Когда губернатор N.N. попался на краже казённых денег — императрица пожаловала ему подарок. Исполинских размеров кошелёк. Такой подарок — страшнее любой выволочки. Иносказательный упрёк, достойный пера сатирика.
В эпоху Екатерины в некоторые торжественные дни безденежно давались спектакли для увеселения всех сословий. Разве только «чернь» — по нравам того надменного времени — на такие спектакли не допускалась.
На одном из таких представлений в театре, в открытой и несколько выдававшейся вперед ложе, присутствовала Императрица. В продолжение пьесы на руку ее, которая лежала на перилах ложи, упал плевок. Она спокойно отерла его платком. Сидевший сзади нее обер-шталмейстер Лев Александрович Нарышкин выбежал разыскивать виновного и поднял тревогу в ложах, бывших над императорскою ложею. По возвращении его Императрица спросила:
— О чем это хлопотал ты, Лев Александрович?
— Да как же, матушка-Государыня… такая неслыханная дерзость.
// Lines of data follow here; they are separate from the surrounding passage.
(* Let $B = M \cup \{\omega_1,\ldots,\omega_p\}$ with $p\ge1$ and $\omega_i\in P_2\setminus M$, and let $r(B)=\max\{d(\omega_1),\ldots,d(\omega_p)\}$. Then for every finite system $F$ of Boolean functions of variables $x_1,\ldots,x_n$, $$d(F)\le (2r(B)+1)\left(2^{I_B(F)}-1\right).$$
   Context: $P_2$ denotes the set of all Boolean functions and $M\subset P_2$ the set of all monotone Boolean functions (including the constants). Tuples in $\{0,1\}^n$ are compared componentwise. An increasing chain is a sequence of pairwise distinct tuples $\tilde\alpha_1,\ldots,\tilde\alpha_r\in\{0,1\}^n$ with $\tilde\alpha_i\le\tilde\alpha_{i+1}$ for all $i$. For a Boolean function $f$, a pair $(\tilde\alpha,\tilde\beta)$ with $\tilde\alpha\le\tilde\beta$ and $f(\tilde\alpha)>f(\tilde\beta)$ is a jump of $f$; a pair is a jump of a system $F$ if it is a jump of some $f\in F$. For a chain $C=(\tilde\alpha_1,\ldots,\tilde\alpha_r)$, $d_C(F)$ is the number of $i$ with $(\tilde\alpha_i,\tilde\alpha_{i+1})$ a jump of $F$, and $d(F)=\max_C d_C(F)$ over all chains; $d(f)=d(\{f\})$. A circuit over $B$ is a Boolean circuit with inputs $x_1,\ldots,x_n$ whose gates compute functions of $B$; gates computing functions in $M$ have weight $0$ and gates computing some $\omega_i$ have weight $1$. $I_B(F)$ is the minimum total weight of a circuit over $B$ realizing all functions of $F$. *)

theory Defs
  imports Main
begin
lemma num_orbits_eq_card_iff:
  assumes "finite V"
  shows "num_orbits V B = card V \<longleftrightarrow> orbit_rel V B \<subseteq> Id"
proof -
  have "num_orbits V B = card V \<longleftrightarrow> inj_on (\<lambda>v. orbit_rel V B `` {v}) V"
    using assms by (simp add: num_orbits_def quotient_eq_image inj_on_iff_eq_card)
  also have "\<dots> \<longleftrightarrow> (\<forall>u\<in>V. \<forall>v\<in>V. (u, v) \<in> orbit_rel V B \<longrightarrow> u = v)"
    by (simp add: inj_on_def eq_equiv_class_iff[OF equiv_orbit_rel])
  also have "\<dots> \<longleftrightarrow> orbit_rel V B \<subseteq> Id"
    by (auto simp: orbit_rel_def)
  finally show ?thesis .
qed

lemma num_orbits_empty: "finite V \<Longrightarrow> num_orbits V {} = card V"
proof (subst num_orbits_eq_card_iff, safe)
  fix u v assume "(u, v) \<in> orbit_rel V {}"
  then have "\<forall>\<phi> :: 'a \<Rightarrow> nat. \<phi> u = \<phi> v"
    by (simp add: orbit_rel_def)
  from this[rule_format, of "\<lambda>x. if x = u then 1 else 0"] show "u = v"
    by (simp split: if_splits)
qed

lemma num_orbits_less:
  assumes "finite V" "\<pi> \<in> B" "w \<in> V" "\<pi> w \<in> V" "\<pi> w \<noteq> w"
  shows "num_orbits V B < card V"
proof -
  have "\<not> orbit_rel V B \<subseteq> Id"
    using orbit_rel_step[OF assms(2-4)] assms(5) by auto
  then have "num_orbits V B \<noteq> card V"
    by (simp add: num_orbits_eq_card_iff[OF assms(1)])
  then show ?thesis
    using num_orbits_le[OF assms(1), of B] by simp
qed

section \<open>The distinguishing polynomial\<close>

lemma int_card_dist_labelings:
  assumes "finite V"
  shows "int (card (dist_labelings V E k)) =
         (\<Sum>B\<in>Pow (graph_aut V E - {id}). (-1) ^ card B * int k ^ num_orbits V B)"
proof -
  have "dist_labelings V E k =
        {\<phi> \<in> labelings V k. \<forall>\<pi>\<in>graph_aut V E - {id}. \<not> preserves V \<pi> \<phi>}"
    by (auto simp: dist_labelings_def distinguishing_def)
  moreover have "card {\<phi> \<in> labelings V k. \<forall>\<pi>\<in>B. preserves V \<pi> \<phi>} = k ^ num_orbits V B"
    if "B \<in> Pow (graph_aut V E - {id})" for B
  proof (rule card_invariant_labelings[OF assms])
    show "\<pi> ` V \<subseteq> V" if "\<pi> \<in> B" for \<pi>
      using that \<open>B \<in> Pow (graph_aut V E - {id})\<close> graph_aut_image by blast
  qed
  ultimately show ?thesis
    using assms by (simp add: int_card_sieve finite_graph_aut labelings_def finite_PiE)
qed

lemma D_asymmetric:
  assumes "finite V" "graph_aut V E = {id}"
  shows "D V E k = k ^ card V"
proof -
  have "int (D V E k) = int (card (dist_labelings V E k))"
    using card_dist_labelings_eq[OF assms(1)] assms(2) by simp
  also have "\<dots> = int (k ^ card V)"
    using assms by (simp add: int_card_dist_labelings num_orbits_empty)
  finally show ?thesis
    by (simp only: of_nat_eq_iff)
qed

lemma D_1_eq_0:
  assumes "graph_aut V E \<noteq> {id}"
  shows "D V E 1 = 0"
proof -
  obtain \<pi> where \<pi>: "\<pi> \<in> graph_aut V E" "\<pi> \<noteq> id"
    using assms id_in_graph_aut by blast
  have "preserves V \<pi> \<phi>" if "\<phi> \<in> labelings V 1" for \<phi>
    using that graph_aut_image[OF \<pi>(1)] by (fastforce simp: labelings_def preserves_def)
  then have "dist_labelings V E 1 = {}"
    using \<pi> by (auto simp: dist_labelings_def distinguishing_def)
  then show ?thesis
    by (simp add: D_def)
qed

definition distinguishing_poly :: "'a set \<Rightarrow> ('a \<Rightarrow> 'a \<Rightarrow> bool) \<Rightarrow> rat poly" where
  "distinguishing_poly V E = smult (1 / of_nat (card (graph_aut V E)))
     (\<Sum>B\<in>Pow (graph_aut V E - {id}). monom ((-1) ^ card B) (num_orbits V B))"

lemma poly_distinguishing_poly:
  assumes "finite V"
  shows "poly (distinguishing_poly V E) (of_nat k) = of_nat (D V E k)"
proof -
  have "of_nat (card (graph_aut V E)) * (of_nat (D V E k) :: rat) =
        of_int (int (card (dist_labelings V E k)))"
    by (simp add: card_dist_labelings_eq[OF assms])
  also have "\<dots> = (\<Sum>B\<in>Pow (graph_aut V E - {id}). (-1) ^ card B * of_nat k ^ num_orbits V B)"
    by (simp add: int_card_dist_labelings[OF assms])
  finally show ?thesis
    using card_graph_aut_pos[OF assms, of E]
    by (simp add: distinguishing_poly_def poly_sum poly_monom field_simps)
qed

lemma degree_distinguishing_poly:
  assumes "finite V" "V \<noteq> {}"
  shows "degree (distinguishing_poly V E) = card V"
proof -
  let ?A = "graph_aut V E - {id}"
  have "degree (\<Sum>B\<in>Pow ?A. monom ((-1) ^ card B :: rat) (num_orbits V B)) = num_orbits V {}"
  proof (rule degree_sum_monom_eq)
    show "finite (Pow ?A)"
      using finite_graph_aut[OF assms(1)] by simp
    show "num_orbits V B < num_orbits V {}" if B: "B \<in> Pow ?A" "B \<noteq> {}" for B
    proof -
      obtain \<pi> where "\<pi> \<in> B" and \<pi>: "\<pi> \<in> graph_aut V E" "\<pi> \<noteq> id"
        using B by blast
      obtain w where "w \<in> V" "\<pi> w \<in> V" "\<pi> w \<noteq> w"
        by (rule graph_aut_moves_vertex[OF \<pi>])
      then show ?thesis
        using num_orbits_less[OF assms(1) \<open>\<pi> \<in> B\<close>] num_orbits_empty[OF assms(1)] by simp
    qed
  qed simp_all
  then show ?thesis
    using card_graph_aut_pos[OF assms(1), of E]
    by (simp add: distinguishing_poly_def num_orbits_empty[OF assms(1)])
qed

lemma coeff_0_distinguishing_poly:
  assumes "finite V" "V \<noteq> {}"
  shows "coeff (distinguishing_poly V E) 0 = 0"
proof -
  have "coeff (monom c (num_orbits V B)) 0 = 0" for c :: rat and B
    using num_orbits_pos[OF assms, of B] by auto
  then show ?thesis
    by (simp add: distinguishing_poly_def coeff_sum)
qed

theorem theorem13:
  fixes V :: "'a set" and E :: "'a \<Rightarrow> 'a \<Rightarrow> bool"
  assumes "simple_graph V E" and "card V \<ge> 1"
  shows "\<exists>p :: rat poly.
           degree p = card V \<and> coeff p 0 = 0 \<and>
           (\<forall>k::nat. k \<ge> 1 \<longrightarrow> of_nat (D V E k) = poly p (of_nat k)) \<and>
           (graph_aut V E = {id} \<longrightarrow> (\<forall>k::nat. k \<ge> 1 \<longrightarrow> D V E k = k ^ card V)) \<and>
           (graph_aut V E \<noteq> {id} \<longrightarrow> (\<Sum>i\<le>degree p. coeff p i) = 0)"
proof -
  have fin: "finite V" and ne: "V \<noteq> {}"
    using assms by (auto simp: simple_graph_def)
  let ?p = "distinguishing_poly V E"
  have coeff_sum_eq_0: "(\<Sum>i\<le>degree ?p. coeff ?p i) = 0" if "graph_aut V E \<noteq> {id}"
  proof -
    have "(\<Sum>i\<le>degree ?p. coeff ?p i) = poly ?p (of_nat 1)"
      by (simp add: poly_altdef)
    also have "\<dots> = 0"
      by (simp only: poly_distinguishing_poly[OF fin] D_1_eq_0[OF that] of_nat_0)
    finally show ?thesis .
  qed
  show ?thesis
    using degree_distinguishing_poly[OF fin ne] coeff_0_distinguishing_poly[OF fin ne]
      poly_distinguishing_poly[OF fin] D_asymmetric[OF fin] coeff_sum_eq_0
    by (intro exI[of _ ?p]) auto
qed

end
— Послушай, Лев Александрович. — сказала Екатерина. — если это сделано умышленно, то какое наказание тому, кто всенародно осмелился таким образом оскорбить меня, свою Императрицу?.. Если же неумышленно, а только по неосторожности, как я и полагаю, то виновный и теперь уже более пострадал, нежели заслуживает.
Остроумие помогало повелевать своенравными, честолюбивыми «орлами». Когда князь Николай Репнин, немало дел наворотивший в Речи Посполитой, доложил Екатерине, что князь Любомирский добивается польской короны, она ответила русской поговоркой, которую, верно, слыхала от Потёмкина: «Корове седло не пристало». Остроумие помогало выйти из щекотливого положения, приземлиться по-кошачьи на четыре лапы при падении. Для политика — качество неоценимое. И Россию она любила — научила себя любить её. Однажды Екатерина, будучи в Царском Селе, почувствовала себя нехорошо, приехал Роджерсон, ее любимый доктор, и нашел необходимым ей пустить кровь, что и сделано было тотчас.